The 82-year-old monument was blessed on Sunday, which being the last Sunday of November also happened to be the Feast of Christ the King and the closing of the Year of Faith. Archbishop Edgar Pena Parra, Apostolic Nuncio to Pakistan, blessed the monument after completion of major restoration work.

The Vatican envoy said, “I pray for each of you, especially those who supported you in the renovation work of the monument to Christ the King and for their families, as well as the elderly people and the children and young people of the Archdiocese.

May this jubilee deepen your faith in God’s unconditional and caring love for you and every person. And may it strengthen your hope amid difficulties and renew your commitment to love your neighbours as yourself in active charity and witness to the truth in this beloved land of Pakistan.”

The idea of a monument was conceived in 1927 by the Apostleship of Prayer during the Papacy of Pope Pius XI as a manifestation of the love and devotion to the Sacred Heart of Jesus. But it was Fr Vincent Gimenez SJ who became the moving spirit behind the construction plan which was completed in 1931 and blessed and consecrated to the City of Karachi by Monsignor Leo Kierkels CP on Oct 17, 1931.

It was designed by M.X. Andrade and the marble used in its construction was imported from Carrara mines in Italy.

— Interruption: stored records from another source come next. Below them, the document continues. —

(* Let $K$ be a field, $A=\{\alpha_1,\dots,\alpha_m\}\subset K$, $B=\{\beta_1,\dots,\beta_n\}\subset K$ finite sets with $|A|=m$, $|B|=n$, $f=\prod_{i}(x-\alpha_i)$, $g=\prod_j(x-\beta_j)$. Let $0\le p\le m$, $0\le q\le n$, set $d:=p+q$ and assume $d\le\min\{m-1,n-1\}$. Then $$\operatorname{Syl}_{p,q}(A,B)=(-1)^{p(m-d)}\binom{d}{p}\operatorname{Sres}_d(f,g).$$
   Context: For finite sets $Y,Z$, $\mathcal{R}(Y,Z):=\prod_{y\in Y,z\in Z}(y-z)$ (equal to $1$ if $Y$ or $Z$ is empty), and $\mathcal{R}(x,Z):=\mathcal{R}(\{x\},Z)$. For $0\le p\le m$, $0\le q\le n$, $$\operatorname{Syl}_{p,q}(A,B)(x):=\sum_{\substack{A'\subset A,\ B'\subset B\\ |A'|=p,\ |B'|=q}}\mathcal{R}(A',B')\,\mathcal{R}(A\setminus A',B\setminus B')\,\frac{\mathcal{R}(x,A')\,\mathcal{R}(x,B')}{\mathcal{R}(A',A\setminus A')\,\mathcal{R}(B',B\setminus B')}.$$ Write $f=\sum_{i=0}^m f_ix^i$, $g=\sum_{i=0}^ng_ix^i$ with $f_i=g_i=0$ outside the natural ranges. For $d\le\min\{m,n\}$ if $m\ne n$, or $d<m=n$, the subresultant $\operatorname{Sres}_d(f,g)(x)$ is the determinant of the $(m+n-2d)\times(m+n-2d)$ matrix with rows $x^jf(x)$ for $j=n-d-1,\dots,0$ followed by rows $x^jg(x)$ for $j=m-d-1,\dots,0$, where the row of a polynomial $h$ has as first $m+n-2d-1$ entries the coefficients of $x^{m+n-d-1},\dots,x^{d+1}$ in $h$, and as last entry $h(x)$. *)

theory Defs
  imports "HOL-Computational_Algebra.Polynomial" "Jordan_Normal_Form.Determinant"
begin

definition Rset :: "'a::comm_ring_1 set \<Rightarrow> 'a set \<Rightarrow> 'a" where
  "Rset Y Z = (\<Prod>y\<in>Y. \<Prod>z\<in>Z. y - z)"

definition Rx :: "'a::comm_ring_1 set \<Rightarrow> 'a poly" where
  "Rx Z = (\<Prod>z\<in>Z. [:- z, 1:])"

definition Syl :: "nat \<Rightarrow> nat \<Rightarrow> 'a::field set \<Rightarrow> 'a set \<Rightarrow> 'a poly" where
  "Syl p q A B =
     (\<Sum>A'\<in>{A'. A' \<subseteq> A \<and> card A' = p}. \<Sum>B'\<in>{B'. B' \<subseteq> B \<and> card B' = q}.
        smult (Rset A' B' * Rset (A - A') (B - B') / (Rset A' (A - A') * Rset B' (B - B')))
              (Rx A' * Rx B'))"

text \<open>The (m+n-2d) x (m+n-2d) matrix of the d-th subresultant (m = degree f, n = degree g):
  rows x^j f(x) for j = n-d-1,...,0, then x^j g(x) for j = m-d-1,...,0; the row of h has
  as first m+n-2d-1 entries the coefficients of x^(m+n-d-1),...,x^(d+1) of h and as last entry h(x).\<close>
definition Sres_mat :: "nat \<Rightarrow> 'a::comm_ring_1 poly \<Rightarrow> 'a poly \<Rightarrow> 'a poly mat" where
  "Sres_mat d f g = (let m = degree f; n = degree g; N = m + n - 2 * d;
      h = (\<lambda>r. if r < n - d then monom 1 (n - d - 1 - r) * f
               else monom 1 (m - d - 1 - (r - (n - d))) * g)
    in mat N N (\<lambda>(r, c). if c < N - 1 then [: coeff (h r) (m + n - d - 1 - c) :] else h r))"

definition Sres :: "nat \<Rightarrow> 'a::comm_ring_1 poly \<Rightarrow> 'a poly \<Rightarrow> 'a poly" where
  "Sres d f g = det (Sres_mat d f g)"

end

theory Submission
  imports Defs Subresultants.Subresultant
begin

text \<open>Both sides are polynomials of degree at most \<open>d\<close>, so they are determined by their values
  at the more than \<open>d\<close> points of \<open>A\<close> (or of \<open>B\<close>). At \<open>a \<in> A\<close> only the subsets avoiding \<open>a\<close>
  survive, and \<open>Syl\<^sub>p\<^sub>,\<^sub>q(A,B)(a)\<close> is \<open>\<plusminus>R(a,B)\<close> times the leading coefficient of
  \<open>Syl\<^sub>p\<^sub>,\<^sub>q(A-{a},B)\<close>; similarly at points of \<open>B\<close>. Induction on \<open>|A| + |B|\<close> therefore
  reduces \<open>Syl\<^sub>p\<^sub>,\<^sub>q = (-1)\<^bsup>p(m-d)\<^esup> C(d,p) Syl\<^sub>0\<^sub>,\<^sub>d\<close> to the same identity between leading
  coefficients, which in the square case \<open>|A| = |B| = d\<close> is Pascal's rule. On the determinant
  side, row and column operations show \<open>Sres\<^sub>d((x-a)f, g)(a) = g(a) \<cdot> lc(Sres\<^sub>d(f, g))\<close>, which
  is the same recursion as for \<open>Syl\<^sub>0\<^sub>,\<^sub>d\<close>, so \<open>Sres\<^sub>d(f,g) = Syl\<^sub>0\<^sub>,\<^sub>d(A,B)\<close>.\<close>

lemma poly_eq_if_agree_on:
  fixes P Q :: "'a::idom poly"
  assumes "degree P \<le> d" and "degree Q \<le> d" and "finite S" and "d < card S"
    and "\<And>x. x \<in> S \<Longrightarrow> poly P x = poly Q x"
  shows "P = Q"
proof (rule ccontr)
  assume "P \<noteq> Q"
  then have nz: "P - Q \<noteq> 0" by simp
  have "S \<subseteq> {x. poly (P - Q) x = 0}" using assms(5) by auto
  then have "card S \<le> card {x. poly (P - Q) x = 0}"
    by (rule card_mono[OF poly_roots_finite[OF nz]])
  also have "\<dots> \<le> degree (P - Q)" by (rule card_poly_roots_bound[OF nz])
  also have "\<dots> \<le> d" using assms(1,2) degree_diff_le by blast
  finally show False using assms(4) by simp
qed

The monument includes a crypt under the central alter that can accommodate 100 persons and preserves the replica of the body of St Francis Xavier. When first built it cost Rs81,500.

Unfortunately the rising water table, weather conditions and lack of maintenance over the years contributed to the general wear and tear of the Christ the King monument, which developed cracks as the iron rods in the pillars rusted and swelled.

A meeting was called on Jan 30, 2012 and a steering committee of historians architects, engineers and conservationists was set up to undertake the restoration and preservation project. The NED University of Engineering and Technology’s department of architecture and planning was one of the main contributors in the repair work. Restored at a cost of Rs8.5 million, the monument was handed back to the Rector of the Cathedral.“The money for restoration by and large was met through donations of the local Catholic community including those settled abroad. The Sindh government also announced a grant of Rs10 million for this purpose,” shared Michael Ali, a media spokesman at the blessing of the monument. “The amount leftover is now being turned into an endowment fund the profits from which will be used for the maintenance of the monument,” he added.

A volunteer, Joaquim Alvares, was grateful to retired Maj Riaz Shahid Siddiqui whose security firm had been provided free security for every Sunday at the St Patrick’s Cathedral and all the other churches in the city since the Peshawar church bomb blast in September.

Meanwhile, the ceremony started with the smart St Patrick’s band playing “When the Saints Go Marching” followed by “We Stand for God”. Little boys and girls dressed in white led the procession towards the alter. They were the first communicants followed by the alter boys in white and red and the Archbishop Edgar Pena Parra, Archbishop of Karachi, the Most Rev Joseph Coutts and the rest of the bishops, cardinals and priests. The bishops wore pink caps, the cardinals red. Archbishop Edgar Pena Parra, meanwhile, wore a mitre and was also holding a shepherd’s staff to signify that he was the shepherd of his people.

The Most Rev Joseph Coutts said that the monument is a shining symbol of ideals that years ago made Karachi a city where people from all corners of the subcontinent lived peacefully together in harmony. “It is very significant that non-Christian professionals gave freely of their time and expertise to work together with Christians to save something beautiful from being ruined. It is the most beautiful example of how we can once again work together to restore and build not only stone structures, but also the harmony that once prevailed in this city.”

Archbishop Edgar Pena Parra declared the monument blessed as the Year of Faith also came to an end with the dimming and then switching off of the lights as pigeons and white balloons were freed into the air with the St Patrick’s choir singing the hymn “Balundion pe Khuda ki Azmat …” and the cathedral bells ringing. The communion ended with prayers for peace in Pakistan and a spectacular fireworks display.